The unification and rapid militarization of Germany after 1870 was the factor that destabilized Europe in the latter part of the nineteenth and early twentieth century, leading to a chain reaction that eventually sparked World War I, a war that outdid all others up until its time in its violence and loss of life.
It is easy to blame Germany for its aggressive and destabilizing militarization, but the newly unified nation was, from its point of view, merely trying to catch up with states like Great Britain and France that had had a huge head start in developing into imperial powers. Germany wanted an empire like those it perceived as enriching rival European nations, and it wanted it fast. It believed that a ramped-up military was the best way to achieve this goal. It also wished to be the dominant power on the European continent and built up its armies with that idea in mind.
After its victory in the Franco-Prussian war, Germany was eager as well to take on the dominant world superpower, Great Britain, especially for control of the seas.
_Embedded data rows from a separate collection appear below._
(* Let $\mathcal{G}$ be a GBS graph of groups, $w=a_0^{k_0}y_1a_1^{k_1}\cdots y_na_n^{k_n}$ a $\mathcal{G}$-factorization, and $0\le i\le j\le n$. Then $w_{i,j}=a_i^{k_i}y_{i+1}a_{i+1}^{k_{i+1}}\cdots y_ja_j^{k_j}$ represents an element of $\langle a_i\rangle\le F(\mathcal{G})$ if and only if $w_{i,j}=a_i^{k_{i,j}}$ in $F(\mathcal{G})$, where $$k_{i,j}=\sum_{\nu=i}^{j}k_\nu\cdot\prod_{\mu=i+1}^{\nu}\frac{\alpha_\mu}{\beta_\mu}\in\mathbb{Q},\qquad \alpha_\mu=\alpha_{y_\mu},\ \beta_\mu=\beta_{y_\mu}.$$
   Context: $\mathcal{G}$ consists of a finite connected graph $Y$ (vertices $V(Y)$, edges $E(Y)$, maps $\iota,\tau:E(Y)\to V(Y)$, fixed-point-free involution $y\mapsto\bar y$ with $\iota(\bar y)=\tau(y)$) and integers $\alpha_y,\beta_y\in\mathbb{Z}\setminus\{0\}$ with $\alpha_y=\beta_{\bar y}$. $F(\mathcal{G})$ is the group with generators $V(Y)\cup E(Y)$ and relations $\bar yy=1$, $y\,b^{\beta_y}\bar y=a^{\alpha_y}$ for each $y\in E(Y)$ with $a=\iota(y)$, $b=\tau(y)$. A $\mathcal{G}$-factorization is a word $a_0^{k_0}y_1a_1^{k_1}\cdots y_na_n^{k_n}$ with $y_i\in E(Y)$, $a_i\in V(Y)$, $k_i\in\mathbb{Z}$, $\iota(y_i)=a_{i-1}$, $\tau(y_i)=a_i$ and $a_n=a_0$. The statement $w_{i,j}=a_i^{k_{i,j}}$ includes that $k_{i,j}$ is an integer. *)

theory Defs
  imports Complex_Main
begin

(* Letters of words in the generators: (generator, inverted?) *)
type_synonym 'g letter = "'g \<times> bool"

definition gpow :: "'g \<Rightarrow> int \<Rightarrow> 'g letter list" where
  "gpow x k = (if 0 \<le> k then replicate (nat k) (x, False) else replicate (nat (- k)) (x, True))"

inductive pres_eq :: "'g letter list set \<Rightarrow> 'g letter list \<Rightarrow> 'g letter list \<Rightarrow> bool"
  for R :: "'g letter list set" where
  pe_refl: "pres_eq R u u"
| pe_sym: "pres_eq R u v \<Longrightarrow> pres_eq R v u"
| pe_trans: "pres_eq R u v \<Longrightarrow> pres_eq R v w \<Longrightarrow> pres_eq R u w"
| pe_ctxt: "pres_eq R u v \<Longrightarrow> pres_eq R (p @ u @ q) (p @ v @ q)"
| pe_cancel: "pres_eq R [(x, b), (x, \<not> b)] []"
| pe_rel: "r \<in> R \<Longrightarrow> pres_eq R r []"

definition gbs_graph ::
  "'v set \<Rightarrow> 'e set \<Rightarrow> ('e \<Rightarrow> 'v) \<Rightarrow> ('e \<Rightarrow> 'v) \<Rightarrow> ('e \<Rightarrow> 'e)
   \<Rightarrow> ('e \<Rightarrow> int) \<Rightarrow> ('e \<Rightarrow> int) \<Rightarrow> bool" where
  "gbs_graph V E \<iota> \<tau> bar \<alpha> \<beta> \<longleftrightarrow>
     finite V \<and> finite E \<and> V \<noteq> {} \<and>
     (\<forall>y\<in>E. \<iota> y \<in> V \<and> \<tau> y \<in> V \<and> bar y \<in> E \<and> bar y \<noteq> y \<and> bar (bar y) = y
        \<and> \<iota> (bar y) = \<tau> y \<and> \<alpha> y \<noteq> 0 \<and> \<beta> y \<noteq> 0 \<and> \<alpha> y = \<beta> (bar y)) \<and>
     (\<forall>u\<in>V. \<forall>v\<in>V. (u, v) \<in> {(\<iota> y, \<tau> y) | y. y \<in> E}\<^sup>*)"

definition gbs_rels ::
  "'e set \<Rightarrow> ('e \<Rightarrow> 'v) \<Rightarrow> ('e \<Rightarrow> 'v) \<Rightarrow> ('e \<Rightarrow> 'e)
   \<Rightarrow> ('e \<Rightarrow> int) \<Rightarrow> ('e \<Rightarrow> int) \<Rightarrow> ('v + 'e) letter list set" where
  "gbs_rels E \<iota> \<tau> bar \<alpha> \<beta> =
     {[(Inr (bar y), False), (Inr y, False)] | y. y \<in> E} \<union>
     {[(Inr y, False)] @ gpow (Inl (\<tau> y)) (\<beta> y) @ [(Inr (bar y), False)]
        @ gpow (Inl (\<iota> y)) (- \<alpha> y) | y. y \<in> E}"

definition gbs_factorization ::
  "'v set \<Rightarrow> 'e set \<Rightarrow> ('e \<Rightarrow> 'v) \<Rightarrow> ('e \<Rightarrow> 'v)
   \<Rightarrow> nat \<Rightarrow> (nat \<Rightarrow> 'v) \<Rightarrow> (nat \<Rightarrow> int) \<Rightarrow> (nat \<Rightarrow> 'e) \<Rightarrow> bool" where
  "gbs_factorization V E \<iota> \<tau> n a k y \<longleftrightarrow>
     (\<forall>i\<le>n. a i \<in> V) \<and>
     (\<forall>i\<in>{1..n}. y i \<in> E \<and> \<iota> (y i) = a (i - 1) \<and> \<tau> (y i) = a i) \<and>
     a n = a 0"

definition subword ::
  "(nat \<Rightarrow> 'v) \<Rightarrow> (nat \<Rightarrow> int) \<Rightarrow> (nat \<Rightarrow> 'e) \<Rightarrow> nat \<Rightarrow> nat \<Rightarrow> ('v + 'e) letter list" where
  "subword a k y i j = gpow (Inl (a i)) (k i) @
     concat (map (\<lambda>l. (Inr (y l), False) # gpow (Inl (a l)) (k l)) [Suc i..<Suc j])"

definition kij ::
  "('e \<Rightarrow> int) \<Rightarrow> ('e \<Rightarrow> int) \<Rightarrow> (nat \<Rightarrow> int) \<Rightarrow> (nat \<Rightarrow> 'e) \<Rightarrow> nat \<Rightarrow> nat \<Rightarrow> rat" where
  "kij \<alpha> \<beta> k y i j = (\<Sum>\<nu>=i..j. of_int (k \<nu>) *
      (\<Prod>\<mu>=Suc i..\<nu>. of_int (\<alpha> (y \<mu>)) / of_int (\<beta> (y \<mu>))))"

end

theory Submission
  imports Defs
begin

text \<open>Send a vertex generator to the translation \<open>x \<mapsto> x + 1\<close> and an edge \<open>y\<close> to the
  dilation \<open>x \<mapsto> (\<alpha>\<^sub>y / \<beta>\<^sub>y) x\<close> of \<open>\<rat>\<close>. Both kinds of defining relations of \<open>F(G)\<close>
  hold for these affine maps, so this is a homomorphism \<open>F(G) \<rightarrow> Aff(\<rat>)\<close>. It sends
  \<open>w\<^sub>i\<^sub>,\<^sub>j\<close> to \<open>x \<mapsto> (\<Prod>\<alpha>\<^sub>\<mu>/\<beta>\<^sub>\<mu>) x + k\<^sub>i\<^sub>,\<^sub>j\<close> and \<open>a\<^sub>i\<^sup>m\<close> to \<open>x \<mapsto> x + m\<close>, so \<open>w\<^sub>i\<^sub>,\<^sub>j = a\<^sub>i\<^sup>m\<close>
  forces \<open>m = k\<^sub>i\<^sub>,\<^sub>j\<close>.\<close>

text \<open>A pair \<open>(s, t)\<close> stands for the affine map \<open>x \<mapsto> s x + t\<close>; \<open>aff_comp\<close> is composition.\<close>

definition aff_comp :: "'a::field \<times> 'a \<Rightarrow> 'a \<times> 'a \<Rightarrow> 'a \<times> 'a" where
  "aff_comp p q = (fst p * fst q, fst p * snd q + snd p)"

definition aff_inv :: "'a::field \<times> 'a \<Rightarrow> 'a \<times> 'a" where
  "aff_inv p = (1 / fst p, - snd p / fst p)"

lemma aff_comp_assoc: "aff_comp (aff_comp p q) r = aff_comp p (aff_comp q r)"
  by (simp add: aff_comp_def algebra_simps)

lemma aff_comp_id [simp]: "aff_comp p (1, 0) = p" "aff_comp (1, 0) p = p"
  by (auto simp: aff_comp_def)

lemma aff_comp_inv:
  assumes "fst p \<noteq> 0"
  shows "aff_comp p (aff_inv p) = (1, 0)" "aff_comp (aff_inv p) p = (1, 0)"
  using assms by (auto simp: aff_comp_def aff_inv_def field_simps)

definition letter_aff :: "('g \<Rightarrow> 'a::field \<times> 'a) \<Rightarrow> 'g letter \<Rightarrow> 'a \<times> 'a" where
  "letter_aff h l = (if snd l then aff_inv (h (fst l)) else h (fst l))"

fun word_aff :: "('g \<Rightarrow> 'a::field \<times> 'a) \<Rightarrow> 'g letter list \<Rightarrow> 'a \<times> 'a" where
  "word_aff h [] = (1, 0)"
| "word_aff h (l # w) = aff_comp (letter_aff h l) (word_aff h w)"

lemma word_aff_append: "word_aff h (u @ v) = aff_comp (word_aff h u) (word_aff h v)"
  by (induction u) (simp_all add: aff_comp_assoc)

lemma word_aff_gpow_translation:
  assumes "h x = (1, c)"
  shows "word_aff h (gpow x m) = (1, of_int m * c)"
proof -
  have pos: "word_aff h (replicate n (x, False)) = (1, of_nat n * c)" for n
    by (induction n) (simp_all add: letter_aff_def aff_comp_def assms algebra_simps)
  have neg: "word_aff h (replicate n (x, True)) = (1, - of_nat n * c)" for n
    by (induction n) (simp_all add: letter_aff_def aff_comp_def aff_inv_def assms algebra_simps)
  show ?thesis
    using pos neg by (simp add: gpow_def)
qed

lemma word_aff_pres_eq:
  assumes "pres_eq R u v"
    and slopes: "\<And>g. fst (h g) \<noteq> 0"
    and relators: "\<And>r. r \<in> R \<Longrightarrow> word_aff h r = (1, 0)"
  shows "word_aff h u = word_aff h v"
  using assms(1)
proof (induction rule: pres_eq.induct)
  case (pe_ctxt u v p q)
  then show ?case by (simp add: word_aff_append)
next
  case (pe_cancel x b)
  then show ?case
    using aff_comp_inv[OF slopes] by (simp add: letter_aff_def)
next
  case (pe_rel r)
  then show ?case using relators by simp
qed simp_all

text \<open>The guard only matters outside \<open>E\<close>: \<open>pe_cancel\<close> applies to every generator, so
  every slope must be invertible.\<close>

definition gbs_slope :: "('e \<Rightarrow> int) \<Rightarrow> ('e \<Rightarrow> int) \<Rightarrow> 'e \<Rightarrow> rat" where
  "gbs_slope \<alpha> \<beta> e = (if \<alpha> e \<noteq> 0 \<and> \<beta> e \<noteq> 0 then of_int (\<alpha> e) / of_int (\<beta> e) else 1)"

fun gbs_aff :: "('e \<Rightarrow> int) \<Rightarrow> ('e \<Rightarrow> int) \<Rightarrow> 'v + 'e \<Rightarrow> rat \<times> rat" where
  "gbs_aff \<alpha> \<beta> (Inl v) = (1, 1)"
| "gbs_aff \<alpha> \<beta> (Inr e) = (gbs_slope \<alpha> \<beta> e, 0)"

lemma gbs_aff_slope_nonzero: "fst (gbs_aff \<alpha> \<beta> g) \<noteq> 0"
  by (cases g) (simp_all add: gbs_slope_def)

lemma word_aff_gbs_gpow [simp]: "word_aff (gbs_aff \<alpha> \<beta>) (gpow (Inl v) m) = (1, of_int m)"
  using word_aff_gpow_translation[of "gbs_aff \<alpha> \<beta>" "Inl v" 1] by simp

lemma letter_aff_gbs_edge [simp]:
  "\<alpha> e \<noteq> 0 \<Longrightarrow> \<beta> e \<noteq> 0 \<Longrightarrow>
     letter_aff (gbs_aff \<alpha> \<beta>) (Inr e, False) = (of_int (\<alpha> e) / of_int (\<beta> e), 0)"
  by (simp add: letter_aff_def gbs_slope_def)

lemma word_aff_gbs_rels:
  assumes "gbs_graph V E \<iota> \<tau> bar \<alpha> \<beta>" and "r \<in> gbs_rels E \<iota> \<tau> bar \<alpha> \<beta>"
  shows "word_aff (gbs_aff \<alpha> \<beta>) r = (1, 0)"
proof -
  from assms(2) obtain e where "e \<in> E" and r:
    "r = [(Inr (bar e), False)] @ [(Inr e, False)] \<or>
     r = [(Inr e, False)] @ gpow (Inl (\<tau> e)) (\<beta> e) @ [(Inr (bar e), False)]
           @ gpow (Inl (\<iota> e)) (- \<alpha> e)"
    unfolding gbs_rels_def by auto
  with assms(1) have "\<alpha> e \<noteq> 0" "\<beta> e \<noteq> 0" "\<alpha> (bar e) = \<beta> e" "\<beta> (bar e) = \<alpha> e"
    unfolding gbs_graph_def by metis+
  with r show ?thesis
    by (auto simp: word_aff_append aff_comp_def)
qed

lemma subword_Suc:
  "i \<le> j \<Longrightarrow> subword a k y i (Suc j) =
     subword a k y i j @ [(Inr (y (Suc j)), False)] @ gpow (Inl (a (Suc j))) (k (Suc j))"
  by (simp add: subword_def)

lemma kij_Suc:
  "i \<le> j \<Longrightarrow> kij \<alpha> \<beta> k y i (Suc j) = kij \<alpha> \<beta> k y i j +
     of_int (k (Suc j)) * (\<Prod>\<mu>=Suc i..Suc j. of_int (\<alpha> (y \<mu>)) / of_int (\<beta> (y \<mu>)))"
  by (simp add: kij_def sum.nat_ivl_Suc')

lemma word_aff_subword:
  assumes "i \<le> j" and "\<forall>l\<in>{Suc i..j}. \<alpha> (y l) \<noteq> 0 \<and> \<beta> (y l) \<noteq> 0"
  shows "word_aff (gbs_aff \<alpha> \<beta>) (subword a k y i j) =
    ((\<Prod>\<mu>=Suc i..j. of_int (\<alpha> (y \<mu>)) / of_int (\<beta> (y \<mu>))), kij \<alpha> \<beta> k y i j)"
  using assms
proof (induction j rule: dec_induct)
  case base
  then show ?case by (simp add: subword_def kij_def)
next
  case (step j)
  have prod_Suc: "(\<Prod>\<mu>=Suc i..Suc j. of_int (\<alpha> (y \<mu>)) / of_int (\<beta> (y \<mu>)) :: rat) =
      (\<Prod>\<mu>=Suc i..j. of_int (\<alpha> (y \<mu>)) / of_int (\<beta> (y \<mu>))) *
      (of_int (\<alpha> (y (Suc j))) / of_int (\<beta> (y (Suc j))))"
    using step.hyps by (simp add: prod.nat_ivl_Suc')
  from step show ?case
    by (simp add: subword_Suc kij_Suc word_aff_append prod_Suc aff_comp_def algebra_simps)
qed

theorem lemma3p2:
  fixes V :: "'v set" and E :: "'e set"
    and \<iota> \<tau> :: "'e \<Rightarrow> 'v" and bar :: "'e \<Rightarrow> 'e" and \<alpha> \<beta> :: "'e \<Rightarrow> int"
    and n :: nat and a :: "nat \<Rightarrow> 'v" and k :: "nat \<Rightarrow> int" and y :: "nat \<Rightarrow> 'e"
    and i j :: nat
  assumes "gbs_graph V E \<iota> \<tau> bar \<alpha> \<beta>"
    and "gbs_factorization V E \<iota> \<tau> n a k y"
    and "i \<le> j" and "j \<le> n"
  shows "(\<exists>m::int. pres_eq (gbs_rels E \<iota> \<tau> bar \<alpha> \<beta>) (subword a k y i j) (gpow (Inl (a i)) m))
     \<longleftrightarrow> (kij \<alpha> \<beta> k y i j \<in> \<int> \<and>
          pres_eq (gbs_rels E \<iota> \<tau> bar \<alpha> \<beta>) (subword a k y i j)
            (gpow (Inl (a i)) \<lfloor>kij \<alpha> \<beta> k y i j\<rfloor>))"
proof (intro iffI)
  assume "\<exists>m. pres_eq (gbs_rels E \<iota> \<tau> bar \<alpha> \<beta>) (subword a k y i j) (gpow (Inl (a i)) m)"
  then obtain m where m: "pres_eq (gbs_rels E \<iota> \<tau> bar \<alpha> \<beta>) (subword a k y i j) (gpow (Inl (a i)) m)"
    by blast
  have "\<forall>l\<in>{Suc i..j}. \<alpha> (y l) \<noteq> 0 \<and> \<beta> (y l) \<noteq> 0"
    using assms unfolding gbs_graph_def gbs_factorization_def by auto
  then have "snd (word_aff (gbs_aff \<alpha> \<beta>) (subword a k y i j)) = kij \<alpha> \<beta> k y i j"
    by (simp add: word_aff_subword \<open>i \<le> j\<close>)
  moreover have "word_aff (gbs_aff \<alpha> \<beta>) (subword a k y i j) = (1, of_int m)"
    using word_aff_pres_eq[OF m gbs_aff_slope_nonzero word_aff_gbs_rels[OF assms(1)]] by simp
  ultimately have "kij \<alpha> \<beta> k y i j = of_int m"
    by simp
  with m show "kij \<alpha> \<beta> k y i j \<in> \<int> \<and>
      pres_eq (gbs_rels E \<iota> \<tau> bar \<alpha> \<beta>) (subword a k y i j) (gpow (Inl (a i)) \<lfloor>kij \<alpha> \<beta> k y i j\<rfloor>)"
    by simp
qed blast

end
Great Britain was beginning to weaken, but, from its point of view, no way was it about to give up its naval dominance. As Germany massively built up its fleet, so did Great Britain, heightening tensions across the continent.
Because both major and minor European nations were on edge about the possibility of war, they entered into a series of alliances in which they promised to support each other in case of attack.
The assassination of Archduke Franz Ferdinand was the match thrown on the fire that blew up the whole edifice. Because the increased militarization of Germany had led to a complicated chain of alliances, almost of all of Europe got dragged into a war that might have been contained. It is easy—and to some extent, right—to blame Germany for this, but they also were copying their neighbors's playbooks, and there is plenty of blame to spread around on all sides.